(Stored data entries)

━━━

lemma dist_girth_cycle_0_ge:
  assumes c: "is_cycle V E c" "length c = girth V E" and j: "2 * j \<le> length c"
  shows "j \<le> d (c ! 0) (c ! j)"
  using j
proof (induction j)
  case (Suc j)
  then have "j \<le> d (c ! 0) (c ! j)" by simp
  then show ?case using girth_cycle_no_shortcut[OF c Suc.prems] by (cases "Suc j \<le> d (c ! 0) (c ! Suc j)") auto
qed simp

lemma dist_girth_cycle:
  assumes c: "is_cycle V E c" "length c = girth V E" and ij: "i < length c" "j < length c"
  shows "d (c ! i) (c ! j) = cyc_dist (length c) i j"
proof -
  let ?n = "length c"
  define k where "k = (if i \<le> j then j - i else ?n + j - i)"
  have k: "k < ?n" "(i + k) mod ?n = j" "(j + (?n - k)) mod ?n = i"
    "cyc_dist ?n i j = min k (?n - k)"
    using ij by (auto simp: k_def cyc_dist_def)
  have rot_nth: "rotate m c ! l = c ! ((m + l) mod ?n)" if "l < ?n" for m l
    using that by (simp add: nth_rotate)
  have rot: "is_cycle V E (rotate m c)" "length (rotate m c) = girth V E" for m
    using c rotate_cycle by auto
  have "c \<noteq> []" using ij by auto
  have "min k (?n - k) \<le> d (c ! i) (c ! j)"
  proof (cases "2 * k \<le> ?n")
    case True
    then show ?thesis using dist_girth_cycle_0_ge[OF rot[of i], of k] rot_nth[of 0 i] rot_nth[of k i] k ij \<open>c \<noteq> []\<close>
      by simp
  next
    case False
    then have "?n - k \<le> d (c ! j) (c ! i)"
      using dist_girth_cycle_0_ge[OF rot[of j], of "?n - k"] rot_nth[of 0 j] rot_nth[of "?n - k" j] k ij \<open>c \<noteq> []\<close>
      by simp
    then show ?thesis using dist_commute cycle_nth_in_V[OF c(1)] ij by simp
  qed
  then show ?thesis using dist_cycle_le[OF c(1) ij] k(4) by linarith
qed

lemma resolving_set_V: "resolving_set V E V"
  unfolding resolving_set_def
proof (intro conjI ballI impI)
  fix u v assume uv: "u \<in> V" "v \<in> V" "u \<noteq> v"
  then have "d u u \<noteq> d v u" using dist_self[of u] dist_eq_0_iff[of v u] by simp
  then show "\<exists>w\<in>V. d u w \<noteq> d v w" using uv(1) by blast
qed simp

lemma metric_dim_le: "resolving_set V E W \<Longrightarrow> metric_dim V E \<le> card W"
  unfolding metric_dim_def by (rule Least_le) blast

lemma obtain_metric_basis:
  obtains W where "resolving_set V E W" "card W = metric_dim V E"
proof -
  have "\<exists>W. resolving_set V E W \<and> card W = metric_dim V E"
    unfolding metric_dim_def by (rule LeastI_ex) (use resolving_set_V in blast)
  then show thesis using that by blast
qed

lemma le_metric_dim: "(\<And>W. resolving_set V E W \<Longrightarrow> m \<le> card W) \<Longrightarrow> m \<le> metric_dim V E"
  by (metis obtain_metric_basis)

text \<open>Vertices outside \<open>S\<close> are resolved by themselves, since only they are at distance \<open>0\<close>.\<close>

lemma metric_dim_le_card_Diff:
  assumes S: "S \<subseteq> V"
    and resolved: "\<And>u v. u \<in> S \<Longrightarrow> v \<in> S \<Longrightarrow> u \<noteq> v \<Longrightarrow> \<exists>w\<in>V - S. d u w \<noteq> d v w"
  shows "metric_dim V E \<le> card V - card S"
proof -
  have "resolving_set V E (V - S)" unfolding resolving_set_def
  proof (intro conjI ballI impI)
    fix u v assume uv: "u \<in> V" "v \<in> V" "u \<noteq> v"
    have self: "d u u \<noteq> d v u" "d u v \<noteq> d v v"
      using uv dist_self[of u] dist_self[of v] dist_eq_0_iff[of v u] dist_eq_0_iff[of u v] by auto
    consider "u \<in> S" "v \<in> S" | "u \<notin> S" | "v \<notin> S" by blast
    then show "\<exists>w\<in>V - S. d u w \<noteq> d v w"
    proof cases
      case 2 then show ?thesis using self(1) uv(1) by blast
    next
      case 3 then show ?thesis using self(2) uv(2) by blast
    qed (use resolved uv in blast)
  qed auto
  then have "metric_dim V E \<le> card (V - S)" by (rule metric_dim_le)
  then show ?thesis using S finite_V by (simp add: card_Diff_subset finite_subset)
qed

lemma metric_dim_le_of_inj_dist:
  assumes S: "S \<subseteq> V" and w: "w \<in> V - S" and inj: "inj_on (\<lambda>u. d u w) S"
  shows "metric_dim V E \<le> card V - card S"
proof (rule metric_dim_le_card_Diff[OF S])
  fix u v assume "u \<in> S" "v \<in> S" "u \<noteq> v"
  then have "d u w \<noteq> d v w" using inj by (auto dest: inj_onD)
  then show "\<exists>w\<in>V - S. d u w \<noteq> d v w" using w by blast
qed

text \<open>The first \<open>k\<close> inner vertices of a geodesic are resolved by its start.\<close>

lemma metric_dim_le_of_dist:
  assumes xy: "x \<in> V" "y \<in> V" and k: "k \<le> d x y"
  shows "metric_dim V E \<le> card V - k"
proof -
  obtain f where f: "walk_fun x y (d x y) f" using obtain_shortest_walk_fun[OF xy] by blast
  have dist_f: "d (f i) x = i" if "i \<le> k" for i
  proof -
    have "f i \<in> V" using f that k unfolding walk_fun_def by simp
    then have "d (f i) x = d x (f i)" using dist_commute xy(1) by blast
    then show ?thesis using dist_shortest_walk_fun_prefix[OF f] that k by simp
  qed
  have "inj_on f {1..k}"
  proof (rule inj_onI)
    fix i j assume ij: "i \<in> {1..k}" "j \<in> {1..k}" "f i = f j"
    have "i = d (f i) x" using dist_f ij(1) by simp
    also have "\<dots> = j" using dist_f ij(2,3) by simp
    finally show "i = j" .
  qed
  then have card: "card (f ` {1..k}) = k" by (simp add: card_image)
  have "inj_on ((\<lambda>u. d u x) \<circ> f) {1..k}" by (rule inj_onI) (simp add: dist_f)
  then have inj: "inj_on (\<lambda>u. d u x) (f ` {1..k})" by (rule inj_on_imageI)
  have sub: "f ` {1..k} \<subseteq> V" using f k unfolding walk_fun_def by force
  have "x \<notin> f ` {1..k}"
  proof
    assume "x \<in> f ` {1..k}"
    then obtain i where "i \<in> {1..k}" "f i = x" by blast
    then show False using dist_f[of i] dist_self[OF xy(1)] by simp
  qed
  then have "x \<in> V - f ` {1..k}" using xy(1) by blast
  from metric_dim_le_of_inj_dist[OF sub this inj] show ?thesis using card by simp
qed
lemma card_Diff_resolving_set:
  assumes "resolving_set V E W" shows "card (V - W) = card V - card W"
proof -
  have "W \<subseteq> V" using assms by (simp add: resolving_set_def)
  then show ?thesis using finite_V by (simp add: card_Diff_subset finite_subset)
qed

━━━

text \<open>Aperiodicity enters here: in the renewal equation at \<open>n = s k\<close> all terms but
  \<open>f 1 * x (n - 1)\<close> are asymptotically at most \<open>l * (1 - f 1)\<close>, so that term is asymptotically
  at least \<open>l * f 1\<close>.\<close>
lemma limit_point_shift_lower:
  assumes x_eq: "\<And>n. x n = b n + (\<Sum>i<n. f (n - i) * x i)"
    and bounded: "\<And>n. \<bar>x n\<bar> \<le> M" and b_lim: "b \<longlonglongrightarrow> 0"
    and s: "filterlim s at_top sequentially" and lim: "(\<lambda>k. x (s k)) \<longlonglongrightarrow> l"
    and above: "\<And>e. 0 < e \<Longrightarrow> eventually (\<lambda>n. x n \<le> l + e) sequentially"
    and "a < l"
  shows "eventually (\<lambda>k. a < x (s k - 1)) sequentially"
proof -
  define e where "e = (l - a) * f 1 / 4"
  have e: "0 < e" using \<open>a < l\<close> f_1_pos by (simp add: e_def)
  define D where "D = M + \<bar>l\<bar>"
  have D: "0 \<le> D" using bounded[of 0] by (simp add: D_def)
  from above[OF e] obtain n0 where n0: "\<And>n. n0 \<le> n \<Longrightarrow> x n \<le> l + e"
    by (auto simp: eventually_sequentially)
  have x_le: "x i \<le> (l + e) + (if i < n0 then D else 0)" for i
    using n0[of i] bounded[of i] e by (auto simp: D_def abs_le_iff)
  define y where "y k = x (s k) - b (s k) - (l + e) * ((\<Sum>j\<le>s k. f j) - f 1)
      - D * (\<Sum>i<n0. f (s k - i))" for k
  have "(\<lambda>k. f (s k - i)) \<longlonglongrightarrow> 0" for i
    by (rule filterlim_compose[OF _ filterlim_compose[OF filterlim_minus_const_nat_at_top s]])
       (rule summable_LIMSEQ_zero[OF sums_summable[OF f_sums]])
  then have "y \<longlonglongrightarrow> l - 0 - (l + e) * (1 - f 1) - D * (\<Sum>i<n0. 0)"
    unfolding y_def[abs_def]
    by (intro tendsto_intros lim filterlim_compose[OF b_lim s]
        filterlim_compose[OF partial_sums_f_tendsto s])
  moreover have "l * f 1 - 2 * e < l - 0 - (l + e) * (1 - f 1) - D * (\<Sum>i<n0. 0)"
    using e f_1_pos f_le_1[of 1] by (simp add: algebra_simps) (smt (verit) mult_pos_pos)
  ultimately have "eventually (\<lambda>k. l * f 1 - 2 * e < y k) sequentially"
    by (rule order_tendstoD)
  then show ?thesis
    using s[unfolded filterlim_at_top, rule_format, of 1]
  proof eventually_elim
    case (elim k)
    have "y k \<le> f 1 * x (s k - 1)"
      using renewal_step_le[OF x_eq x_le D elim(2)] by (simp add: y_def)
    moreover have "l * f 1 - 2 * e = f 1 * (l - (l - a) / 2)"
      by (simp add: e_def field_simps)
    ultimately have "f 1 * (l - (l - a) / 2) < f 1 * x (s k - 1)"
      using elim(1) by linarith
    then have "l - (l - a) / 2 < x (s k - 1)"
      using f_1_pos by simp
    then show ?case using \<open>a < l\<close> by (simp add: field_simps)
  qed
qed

━━━

* **The problem**
Send back an exact copy of only the lines from the line with "(simp add: e_def)" up to and including the line with "using f_1_pos by simp" in the data above.

* **Problem solution**
  have e: "0 < e" using \<open>a < l\<close> f_1_pos by (simp add: e_def)
  define D where "D = M + \<bar>l\<bar>"
  have D: "0 \<le> D" using bounded[of 0] by (simp add: D_def)
  from above[OF e] obtain n0 where n0: "\<And>n. n0 \<le> n \<Longrightarrow> x n \<le> l + e"
    by (auto simp: eventually_sequentially)
  have x_le: "x i \<le> (l + e) + (if i < n0 then D else 0)" for i
    using n0[of i] bounded[of i] e by (auto simp: D_def abs_le_iff)
  define y where "y k = x (s k) - b (s k) - (l + e) * ((\<Sum>j\<le>s k. f j) - f 1)
      - D * (\<Sum>i<n0. f (s k - i))" for k
  have "(\<lambda>k. f (s k - i)) \<longlonglongrightarrow> 0" for i
    by (rule filterlim_compose[OF _ filterlim_compose[OF filterlim_minus_const_nat_at_top s]])
       (rule summable_LIMSEQ_zero[OF sums_summable[OF f_sums]])
  then have "y \<longlonglongrightarrow> l - 0 - (l + e) * (1 - f 1) - D * (\<Sum>i<n0. 0)"
    unfolding y_def[abs_def]
    by (intro tendsto_intros lim filterlim_compose[OF b_lim s]
        filterlim_compose[OF partial_sums_f_tendsto s])
  moreover have "l * f 1 - 2 * e < l - 0 - (l + e) * (1 - f 1) - D * (\<Sum>i<n0. 0)"
    using e f_1_pos f_le_1[of 1] by (simp add: algebra_simps) (smt (verit) mult_pos_pos)
  ultimately have "eventually (\<lambda>k. l * f 1 - 2 * e < y k) sequentially"
    by (rule order_tendstoD)
  then show ?thesis
    using s[unfolded filterlim_at_top, rule_format, of 1]
  proof eventually_elim
    case (elim k)
    have "y k \<le> f 1 * x (s k - 1)"
      using renewal_step_le[OF x_eq x_le D elim(2)] by (simp add: y_def)
    moreover have "l * f 1 - 2 * e = f 1 * (l - (l - a) / 2)"
      by (simp add: e_def field_simps)
    ultimately have "f 1 * (l - (l - a) / 2) < f 1 * x (s k - 1)"
      using elim(1) by linarith
    then have "l - (l - a) / 2 < x (s k - 1)"
      using f_1_pos by simp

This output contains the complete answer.